Saudi Arabia, Kuwait and the UAE each offered $4 billion (3.8 billion euros) in investment aid for the project.
Speaking to the BBC, Alabbar said, “It is a wonderful opportunity to be able to design something from scratch, and to design it keeping in mind the needs of the Egyptian people and the Egyptian government.”
He told Egyptian TV that the aim of the new capital is to gather together government institutions, embassies, and to introduce residential units that would serve all social classes.
The project will also include a major tourist tower, which will not be residential and is said to be similar in shape to the Eiffel Tower in Paris, Alabbar confirmed.
The Eiffel Tower in Paris was built in 1889 as the entrance arch to that year's World's Fair. A replica of the Paris iconic landmark is also due to be built in Dubai as part of the Falconcity of Wonders project (pictured below).
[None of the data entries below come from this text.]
definition act :: "nat \<Rightarrow> nat \<Rightarrow> (nat \<Rightarrow> nat \<Rightarrow> nat) \<Rightarrow> (nat \<Rightarrow> nat \<Rightarrow> nat \<Rightarrow> nat) \<Rightarrow> (nat \<Rightarrow> nat \<Rightarrow> nat \<Rightarrow> nat)" where
  "act n k \<pi> x = (\<lambda>i a b. if i \<in> {1..k} \<and> a \<in> {1..n} \<and> b \<in> {1..n}
                           then x i (\<pi> (2*i - 1) a) (\<pi> (2*i) b) else 0)"

definition Stab :: "nat \<Rightarrow> nat \<Rightarrow> (nat \<Rightarrow> nat \<Rightarrow> nat) set \<Rightarrow> (nat \<Rightarrow> nat \<Rightarrow> nat \<Rightarrow> nat) set
                     \<Rightarrow> ((nat \<Rightarrow> nat \<Rightarrow> nat \<Rightarrow> nat) \<Rightarrow> nat) \<Rightarrow> (nat \<Rightarrow> nat \<Rightarrow> nat) set" where
  "Stab n k Q \<Omega> f = {\<pi> \<in> Q. \<forall>x\<in>\<Omega>. f (act n k \<pi> x) = f x}"

definition NQ :: "nat \<Rightarrow> nat \<Rightarrow> (nat \<Rightarrow> nat \<Rightarrow> nat) set \<Rightarrow> (nat \<Rightarrow> nat \<Rightarrow> nat \<Rightarrow> nat) set
                     \<Rightarrow> (nat \<Rightarrow> nat \<Rightarrow> nat) set set" where
  "NQ n k Q \<Omega> = {Stab n k Q \<Omega> f | f. True}"

text \<open>H restricted to {2i,2i+1} equals the diagonal.\<close>
definition restr_diag :: "(nat \<Rightarrow> nat) set \<Rightarrow> nat \<Rightarrow> (nat \<Rightarrow> nat \<Rightarrow> nat) set \<Rightarrow> nat \<Rightarrow> bool" where
  "restr_diag Gs k H i \<longleftrightarrow>
     {(h (2*i), h (2*i+1)) | h. h \<in> H \<and> (\<forall>j\<in>{1..2*k} - {2*i, 2*i+1}. h j = id)}
       = {(g, g) | g. g \<in> Gs}"

definition Eset :: "(nat \<Rightarrow> nat) set \<Rightarrow> nat \<Rightarrow> (nat \<Rightarrow> nat \<Rightarrow> nat) set \<Rightarrow> nat set set" where
  "Eset Gs k H = {{i, i+1} | i. 1 \<le> i \<and> i \<le> k - 1 \<and> restr_diag Gs k H i}"

definition component_edges :: "nat \<Rightarrow> nat set set \<Rightarrow> nat set set \<Rightarrow> bool" where
  "component_edges k E S \<longleftrightarrow>
     (\<exists>u\<in>{1..k}. S = {e \<in> E. e \<subseteq> {v \<in> {1..k}. (u, v) \<in> {(a, b). {a, b} \<in> E}\<^sup>*}})"

end

theory Submission
  imports Defs
begin

(* For a subgroup L of G^2k and an edge {i, i+1}, let L_i be the subgroup of G x G formed by the
   elements of L supported on the coordinates {2i, 2i+1}.  If L_i contains the diagonal, then
   {g. (g, 1) in L_i} is normal in G, so by simplicity L_i is either the diagonal or all of G x G.

   Take an edge of S.  Every (L_l)_i contains H_i, which is the diagonal.  If every (L_l)_i were
   all of G x G, then (g, 1) with g <> 1 would lie in the intersection of the L_l and hence in K,
   although K_i is the diagonal.  So some L_l is diagonal on this edge.  As the stabiliser of a
   function on Omega, this L_l stays diagonal on each adjacent edge lying in E(H) and E(K): on a
   single point of Omega, a factor g on the left of M_(i+1) can be traded for the conjugate
   c^-1 g c on its right, where c is the permutation at position i+1.  Hence if (L_l)_(i+1) were
   all of G x G, L_l would contain (g, 1) in the coordinates {2i, 2i+1}; the left neighbour is
   symmetric.  Moving along the component, L_l is diagonal on all of S, and H <= H_l <= L_l then
   makes H_l diagonal there too. *)

definition edge_elem :: "nat \<Rightarrow> (nat \<Rightarrow> nat) \<Rightarrow> (nat \<Rightarrow> nat) \<Rightarrow> nat \<Rightarrow> nat \<Rightarrow> nat" where
  "edge_elem i a b = (\<lambda>j. if j = 2*i then a else if j = 2*i+1 then b else id)"

(* For L contained in G^2k this is the paper's L restricted to {2i, 2i+1}. *)
definition edge_part ::
    "(nat \<Rightarrow> nat) set \<Rightarrow> (nat \<Rightarrow> nat \<Rightarrow> nat) set \<Rightarrow> nat \<Rightarrow> ((nat \<Rightarrow> nat) \<times> (nat \<Rightarrow> nat)) set" where
  "edge_part Gs L i = {(a, b) \<in> Gs \<times> Gs. edge_elem i a b \<in> L}"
Announced in 2005, plans include life-size replicas of the seven wonders of the world, including the Egyptian pyramids, the Hanging Gardens of Babylon, and other famous monuments such as the Eiffel Tower, the Taj Mahal and the Leaning Tower of Pisa. It is a part of Dubailand but has been stalled as a result of the 2008 economic downturn, which saw property prices in Dubai fall by up to 60 percent and around half of project canceled or delayed.
In June 2013, it was announced that the work will be resumed but work unlikely to be completed before 2020.